*EXERCISE*: Go to the line holding "using t by blast" in the entries below and write out exactly every line down to and including the line holding "h_cusum n (B".

---+---

lemma cusum_detects_change:
  assumes n: "n \<ge> 2" and "0 \<le> B" and \<theta>: "(\<tau>, a, b) \<in> Theta n B" and "a \<noteq> b"
  shows "\<exists>t\<in>T0 n. 2 * (B * sqrt (3 * real n) / 6) < \<bar>vdot n t (mean_vec (\<tau>, a, b))\<bar>"
proof -
  obtain t where t: "t \<in> T0 n"
    and signal: "(a - b)\<^sup>2 * (real \<tau> * real (n - \<tau>) / (3 * real n)) \<le> (vdot n t (mean_vec (\<tau>, a, b)))\<^sup>2"
    using exists_T0_cusum_signal[OF n Theta_changepoint_bounds[OF \<theta>]] by blast
  have rescale: "D * P / N\<^sup>2 * (N / 3) = D * (P / (3 * N))" if "0 < N" for D P N :: real
    using that by (simp add: power2_eq_square)
  have "(2 * (B * sqrt (3 * real n) / 6))\<^sup>2 = B\<^sup>2 * (real n / 3)"
    by (simp add: power_divide power_mult_distrib)
  also have "\<dots> < (a - b)\<^sup>2 * (real \<tau> * real (n - \<tau>)) / (real n)\<^sup>2 * (real n / 3)"
    using n by (intro mult_strict_right_mono Theta_jump_gt[OF \<theta> \<open>a \<noteq> b\<close> \<open>0 \<le> B\<close>]) simp
  also have "\<dots> = (a - b)\<^sup>2 * (real \<tau> * real (n - \<tau>) / (3 * real n))"
    using n by (intro rescale) simp
  also have "\<dots> \<le> \<bar>vdot n t (mean_vec (\<tau>, a, b))\<bar>\<^sup>2"
    using signal by simp
  finally have "2 * (B * sqrt (3 * real n) / 6) < \<bar>vdot n t (mean_vec (\<tau>, a, b))\<bar>"
    by (rule power2_less_imp_less) simp
  then show ?thesis
    using t by blast
qed

lemma cusum_error_le_card:
  assumes n: "n \<ge> 2" and lam: "0 \<le> lam" "lam \<le> B * sqrt (3 * real n) / 6" and \<theta>: "\<theta> \<in> Theta n B"
  shows "emeasure (std_gauss_noise {1..n})
      {z \<in> space (std_gauss_noise {1..n}). h_cusum n lam (signal_plus_noise n \<theta> z) \<noteq> label \<theta>}
    \<le> card (T0 n) * exp (- lam\<^sup>2 / 2)"
proof -
  obtain \<tau> a b where \<theta>_eq: "\<theta> = (\<tau>, a, b)"
    by (cases \<theta>)
  show ?thesis
  proof (cases "a = b")
    case True
    have "vdot n t (mean_vec \<theta>) = 0" if "t \<in> T0 n" for t
      using True T0_bounds[OF n that] Theta_changepoint_bounds[OF \<theta>[unfolded \<theta>_eq]]
      by (simp add: \<theta>_eq vdot_mean_vec_no_change)
    then show ?thesis
      using cusum_false_alarm_le[OF n lam(1)] True by (simp add: \<theta>_eq label_def)
  next
    case False
    have "0 \<le> B * sqrt (3 * real n) / 6"
      using lam by linarith
    then have "0 \<le> B"
      using n by (simp add: zero_le_mult_iff zero_le_divide_iff)
    then obtain t where t: "t \<in> T0 n" "2 * (B * sqrt (3 * real n) / 6) < \<bar>vdot n t (mean_vec \<theta>)\<bar>"
      using cusum_detects_change[OF n _ \<theta>[unfolded \<theta>_eq] False] by (auto simp: \<theta>_eq)
    then have "2 * lam < \<bar>vdot n t (mean_vec \<theta>)\<bar>"
      using lam(2) by linarith
    with t(1) have "emeasure (std_gauss_noise {1..n})
        {z \<in> space (std_gauss_noise {1..n}). \<not> h_cusum n lam (signal_plus_noise n \<theta> z)} \<le> exp (- lam\<^sup>2 / 2)"
      using lam(1) by (intro cusum_miss_le[OF n])
    also have "\<dots> \<le> card (T0 n) * exp (- lam\<^sup>2 / 2)"
      using one_in_T0 finite_T0 by (intro ennreal_leI) (auto simp: Suc_le_eq card_gt_0_iff)
    finally show ?thesis
      using False by (simp add: \<theta>_eq label_def)
  qed
qed

lemma cusum_error_le:
  assumes n: "n \<ge> 2" and "B > 0" and \<theta>: "\<theta> \<in> Theta n B"
  shows "emeasure (std_gauss_noise {1..n})
      {z \<in> space (std_gauss_noise {1..n}). h_cusum n (B * sqrt (3 * real n) / 6) (signal_plus_noise n \<theta> z) \<noteq> label \<theta>}
    \<le> 2 * real_of_int \<lfloor>log 2 (real n)\<rfloor> * exp (- real n * B\<^sup>2 / 24)"
proof -
  let ?lam = "B * sqrt (3 * real n) / 6"
  have tail: "exp (- ?lam\<^sup>2 / 2) = exp (- real n * B\<^sup>2 / 24)"
    by (simp add: power_divide power_mult_distrib)
  have "emeasure (std_gauss_noise {1..n})
      {z \<in> space (std_gauss_noise {1..n}). h_cusum n ?lam (signal_plus_noise n \<theta> z) \<noteq> label \<theta>}
    \<le> card (T0 n) * exp (- ?lam\<^sup>2 / 2)"
    using \<open>B > 0\<close> by (intro cusum_error_le_card[OF n _ order_refl \<theta>]) simp
  also have "\<dots> \<le> 2 * real_of_int \<lfloor>log 2 (real n)\<rfloor> * exp (- real n * B\<^sup>2 / 24)"
    unfolding tail using card_T0_le[OF n] by (intro ennreal_leI mult_right_mono) auto
  finally show ?thesis .
qed

section \<open>Averaging over the prior\<close>

lemma space_param_space: "space param_space = UNIV"
  by (simp add: param_space_def space_pair_measure)

lemma measurable_mean_vec[measurable]: "(\<lambda>\<theta>. mean_vec \<theta> i) \<in> borel_measurable param_space"
proof -
  have "(\<lambda>\<theta>. mean_vec \<theta> i) = (\<lambda>\<theta>. if i \<le> fst \<theta> then fst (snd \<theta>) else snd (snd \<theta>))"
    by (auto simp: mean_vec_def split: prod.splits)
  then show ?thesis
    unfolding param_space_def by simp
qed

lemma measurable_label[measurable]: "label \<in> measurable param_space (count_space UNIV)"
proof -
  have label_eq: "label = (\<lambda>\<theta>. fst (snd \<theta>) \<noteq> snd (snd \<theta>))"
    by (auto simp: label_def split: prod.splits)
  show ?thesis
    unfolding label_eq param_space_def by measurable
qed

lemma measurable_h_cusum[measurable]:
  assumes "n \<ge> 2"
  shows "h_cusum n lam \<in> measurable (obs_space n) (count_space UNIV)"
proof -
  have [measurable]: "vdot n t \<in> borel_measurable (obs_space n)" if "t \<in> T0 n" for t
    using T0_bounds[OF assms that] by (intro measurable_vdot) simp
  have "(\<lambda>x. Max ((\<lambda>t. \<bar>vdot n t x\<bar>) ` T0 n)) \<in> borel_measurable (obs_space n)"
    by (intro borel_measurable_Max finite_T0) measurable
  then show ?thesis
    unfolding h_cusum_def[abs_def] by measurable
qed

lemma joint_eq_bind_signal_plus_noise:
  assumes "sets \<pi>0 = sets param_space"
  shows "joint n \<pi>0 = \<pi>0 \<bind>
    (\<lambda>\<theta>. distr (std_gauss_noise {1..n}) (\<pi>0 \<Otimes>\<^sub>M obs_space n) (\<lambda>z. (\<theta>, signal_plus_noise n \<theta> z)))"
  unfolding joint_def
proof (rule bind_cong[OF refl])
  fix \<theta> assume "\<theta> \<in> space \<pi>0"
  then have "distr (Pcp n \<theta>) (\<pi>0 \<Otimes>\<^sub>M obs_space n) (Pair \<theta>)
      = distr (std_gauss_noise {1..n}) (\<pi>0 \<Otimes>\<^sub>M obs_space n) (Pair \<theta> \<circ> signal_plus_noise n \<theta>)"
    unfolding Pcp_eq_distr_signal_plus_noise by (intro distr_distr measurable_signal_plus_noise) auto
  then show "distr (Pcp n \<theta>) (\<pi>0 \<Otimes>\<^sub>M obs_space n) (\<lambda>x. (\<theta>, x))
      = distr (std_gauss_noise {1..n}) (\<pi>0 \<Otimes>\<^sub>M obs_space n) (\<lambda>z. (\<theta>, signal_plus_noise n \<theta> z))"
    by (simp add: comp_def)
qed

lemma measurable_signal_plus_noise_kernel:
  assumes "sets \<pi>0 = sets param_space"
  shows "(\<lambda>\<theta>. distr (std_gauss_noise {1..n}) (\<pi>0 \<Otimes>\<^sub>M obs_space n) (\<lambda>z. (\<theta>, signal_plus_noise n \<theta> z)))
    \<in> measurable \<pi>0 (subprob_algebra (\<pi>0 \<Otimes>\<^sub>M obs_space n))"
proof (rule measurable_distr2[where f = "\<lambda>\<theta> z. (\<theta>, signal_plus_noise n \<theta> z)"])
  have [measurable]: "(\<lambda>\<theta>. mean_vec \<theta> i) \<in> borel_measurable \<pi>0" for i
    unfolding measurable_cong_sets[OF assms refl] by (rule measurable_mean_vec)
  show "(\<lambda>(\<theta>, z). (\<theta>, signal_plus_noise n \<theta> z))
      \<in> measurable (\<pi>0 \<Otimes>\<^sub>M std_gauss_noise {1..n}) (\<pi>0 \<Otimes>\<^sub>M obs_space n)"
    unfolding signal_plus_noise_def std_gauss_noise_def obs_space_def by measurable
  show "(\<lambda>_. std_gauss_noise {1..n}) \<in> measurable \<pi>0 (subprob_algebra (std_gauss_noise {1..n}))"
    by (intro measurable_const)
      (simp add: space_subprob_algebra prob_space_imp_subprob_space[OF prob_space_std_gauss_noise])
qed

lemma space_joint:
  assumes "sets \<pi>0 = sets param_space"
  shows "space (joint n \<pi>0) = space (\<pi>0 \<Otimes>\<^sub>M obs_space n)"
proof -
  have "space \<pi>0 \<noteq> {}"
    using sets_eq_imp_space_eq[OF assms] by (simp add: space_param_space)
  then show ?thesis
    unfolding joint_eq_bind_signal_plus_noise[OF assms]
    by (rule space_bind_measurable[OF measurable_signal_plus_noise_kernel[OF assms]])
qed

lemma emeasure_joint:
  assumes "sets \<pi>0 = sets param_space" and S: "S \<in> sets (\<pi>0 \<Otimes>\<^sub>M obs_space n)"
  shows "emeasure (joint n \<pi>0) S = (\<integral>\<^sup>+\<theta>. emeasure (std_gauss_noise {1..n})
      {z \<in> space (std_gauss_noise {1..n}). (\<theta>, signal_plus_noise n \<theta> z) \<in> S} \<partial>\<pi>0)"
proof -
  have space: "space \<pi>0 = UNIV"
    using sets_eq_imp_space_eq[OF assms(1)] by (simp add: space_param_space)
  have kernel: "emeasure (distr (std_gauss_noise {1..n}) (\<pi>0 \<Otimes>\<^sub>M obs_space n)
        (\<lambda>z. (\<theta>, signal_plus_noise n \<theta> z))) S
      = emeasure (std_gauss_noise {1..n}) {z \<in> space (std_gauss_noise {1..n}). (\<theta>, signal_plus_noise n \<theta> z) \<in> S}" for \<theta>
  proof -
    have "(\<lambda>z. (\<theta>, signal_plus_noise n \<theta> z)) \<in> measurable (std_gauss_noise {1..n}) (\<pi>0 \<Otimes>\<^sub>M obs_space n)"
      by (intro measurable_Pair measurable_const measurable_signal_plus_noise) (simp add: space)
    then show ?thesis
      using S by (simp add: emeasure_distr vimage_def Int_def conj_commute)
  qed
  have "emeasure (joint n \<pi>0) S = (\<integral>\<^sup>+\<theta>. emeasure (distr (std_gauss_noise {1..n})
      (\<pi>0 \<Otimes>\<^sub>M obs_space n) (\<lambda>z. (\<theta>, signal_plus_noise n \<theta> z))) S \<partial>\<pi>0)"
    unfolding joint_eq_bind_signal_plus_noise[OF assms(1)]
    by (rule emeasure_bind[OF _ measurable_signal_plus_noise_kernel[OF assms(1)] S]) (simp add: space)
  then show ?thesis
    by (simp only: kernel)
qed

---+---

*FINISHED EXERCISE*:
    using t by blast
qed

lemma cusum_error_le_card:
  assumes n: "n \<ge> 2" and lam: "0 \<le> lam" "lam \<le> B * sqrt (3 * real n) / 6" and \<theta>: "\<theta> \<in> Theta n B"
  shows "emeasure (std_gauss_noise {1..n})
      {z \<in> space (std_gauss_noise {1..n}). h_cusum n lam (signal_plus_noise n \<theta> z) \<noteq> label \<theta>}
    \<le> card (T0 n) * exp (- lam\<^sup>2 / 2)"
proof -
  obtain \<tau> a b where \<theta>_eq: "\<theta> = (\<tau>, a, b)"
    by (cases \<theta>)
  show ?thesis
  proof (cases "a = b")
    case True
    have "vdot n t (mean_vec \<theta>) = 0" if "t \<in> T0 n" for t
      using True T0_bounds[OF n that] Theta_changepoint_bounds[OF \<theta>[unfolded \<theta>_eq]]
      by (simp add: \<theta>_eq vdot_mean_vec_no_change)
    then show ?thesis
      using cusum_false_alarm_le[OF n lam(1)] True by (simp add: \<theta>_eq label_def)
  next
    case False
    have "0 \<le> B * sqrt (3 * real n) / 6"
      using lam by linarith
    then have "0 \<le> B"
      using n by (simp add: zero_le_mult_iff zero_le_divide_iff)
    then obtain t where t: "t \<in> T0 n" "2 * (B * sqrt (3 * real n) / 6) < \<bar>vdot n t (mean_vec \<theta>)\<bar>"
      using cusum_detects_change[OF n _ \<theta>[unfolded \<theta>_eq] False] by (auto simp: \<theta>_eq)
    then have "2 * lam < \<bar>vdot n t (mean_vec \<theta>)\<bar>"
      using lam(2) by linarith
    with t(1) have "emeasure (std_gauss_noise {1..n})
        {z \<in> space (std_gauss_noise {1..n}). \<not> h_cusum n lam (signal_plus_noise n \<theta> z)} \<le> exp (- lam\<^sup>2 / 2)"
      using lam(1) by (intro cusum_miss_le[OF n])
    also have "\<dots> \<le> card (T0 n) * exp (- lam\<^sup>2 / 2)"
      using one_in_T0 finite_T0 by (intro ennreal_leI) (auto simp: Suc_le_eq card_gt_0_iff)
    finally show ?thesis
      using False by (simp add: \<theta>_eq label_def)
  qed
qed

lemma cusum_error_le:
  assumes n: "n \<ge> 2" and "B > 0" and \<theta>: "\<theta> \<in> Theta n B"
  shows "emeasure (std_gauss_noise {1..n})
      {z \<in> space (std_gauss_noise {1..n}). h_cusum n (B * sqrt (3 * real n) / 6) (signal_plus_noise n \<theta> z) \<noteq> label \<theta>}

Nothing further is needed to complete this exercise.